# Your objective:
Look through the material below and return every line that contains "proof".
BEGIN Dataset entries
lemma hermite_form_degree_le_max_diag:
  assumes "is_hermite_form H" "H \<in> carrier_mat n n" "i < n" "j < n"
  shows "degree (H $$ (i,j)) \<le> Max {degree (H $$ (k,k)) | k. k < n}"
proof -
  have "degree (H $$ (i,i)) \<le> Max {degree (H $$ (k,k)) | k. k < n}"
    using assms(3) by (intro Max_ge) auto
  then show ?thesis
    using hermite_form_degree_le_diag[OF assms] by linarith
qed

lemma hermite_transform_degree_le_max_diag:
  fixes F U H :: "'a::field poly mat"
  assumes F: "F \<in> carrier_mat n n" "column_reduced F" and U: "U \<in> carrier_mat n n"
    and H: "H = F * U" "is_hermite_form H" and ij: "i < n" "j < n"
  shows "degree (U $$ (i,j)) \<le> Max {degree (H $$ (k,k)) | k. k < n}"
proof (rule column_reduced_degree_le_of_mult[OF F(2,1) U _ ij])
  have "H \<in> carrier_mat n n" using F U H(1) by simp
  then show "degree ((F * U) $$ (i,j)) \<le> Max {degree (H $$ (k,k)) | k. k < n}"
    if "i < n" "j < n" for i j
    using hermite_form_degree_le_max_diag[OF H(2) _ that] H(1) by simp
qed

definition hermite_kernel_shift :: "'a::zero poly mat \<Rightarrow> nat \<Rightarrow> nat \<Rightarrow> int" where
  "hermite_kernel_shift H n i = (if i < n then - int (Max {degree (H $$ (k,k)) | k. k < n})
                                 else - int (degree (H $$ (i - n, i - n))))"

lemma lower_block_degree_le:
  fixes F H U N :: "'a::field poly mat"
  assumes F: "F \<in> carrier_mat n n" "column_reduced F" and U: "U \<in> carrier_mat n n" "unimodular U"
    and H: "H = F * U" "is_hermite_form H" and N: "N \<in> carrier_mat (2 * n) n"
    and mkb: "minimal_right_kernel_basis (hermite_kernel_shift H n) (append_neg_id F n) N"
    and i: "i < n" and k: "k < n"
  shows "degree (lower_block N n $$ (i,k)) \<le> degree (H $$ (i,i))"
proof -
  let ?t = "hermite_kernel_shift H n"
  have kb: "right_kernel_basis (append_neg_id F n) N" and cr: "column_reduced_shift ?t N"
    using mkb unfolding minimal_right_kernel_basis_def by auto
  have Hc: "H \<in> carrier_mat n n" using H F U by simp
  obtain C where C: "C \<in> carrier_mat n n" "N * C = U @\<^sub>r H"
    using right_kernel_basis_append_neg_id_factor[OF F(1) kb N U(1)] H(1) by auto
  then have "upper_block N n * C = U"
    using upper_block_mult[of n N C n] upper_block_append_rows[OF U(1) Hc] N by simp
  then have "det (upper_block N n) * det C = det U"
    using det_mult[OF _ C(1), of "upper_block N n"] N by (simp add: upper_block_def)
  then have detC: "det C \<noteq> 0"
    using U(2) unfolding unimodular_def by auto
  have "cdeg_shift ?t N k \<le> 0"
  proof (rule cdeg_shift_le_of_mult[OF cr N C(1) detC _ k])
    fix l j assume l: "l < 2 * n" and j: "j < n" and "(N * C) $$ (l,j) \<noteq> 0"
    show "int (degree ((N * C) $$ (l,j))) + ?t l \<le> 0"
    proof (cases "l < n")
      case True
      then have "(N * C) $$ (l,j) = U $$ (l,j)"
        using C(2) index_append_rows[OF U(1) Hc, of l j] j by simp
      then show ?thesis
        using hermite_transform_degree_le_max_diag[OF F U(1) H True j] True
        by (simp add: hermite_kernel_shift_def)
    next
      case False
      then have "(N * C) $$ (l,j) = H $$ (l - n, j)"
        using C(2) index_append_rows[OF U(1) Hc, of l j] l j by simp
      then show ?thesis
        using hermite_form_degree_le_diag[OF H(2) Hc, of "l - n" j] False l j
        by (simp add: hermite_kernel_shift_def)
    qed
  qed
  moreover have "?t (i + n) = - int (degree (H $$ (i,i)))"
    by (simp add: hermite_kernel_shift_def)
  ultimately show ?thesis
    using degree_add_shift_le_cdeg_shift[of "i + n" N k ?t] N i k
    by (cases "N $$ (i + n, k) = 0") (simp_all add: lower_block_def)
qed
END Dataset entries
# Your solution:
proof -
proof (rule column_reduced_degree_le_of_mult[OF F(2,1) U _ ij])
proof -
  proof (rule cdeg_shift_le_of_mult[OF cr N C(1) detC _ k])
    proof (cases "l < n")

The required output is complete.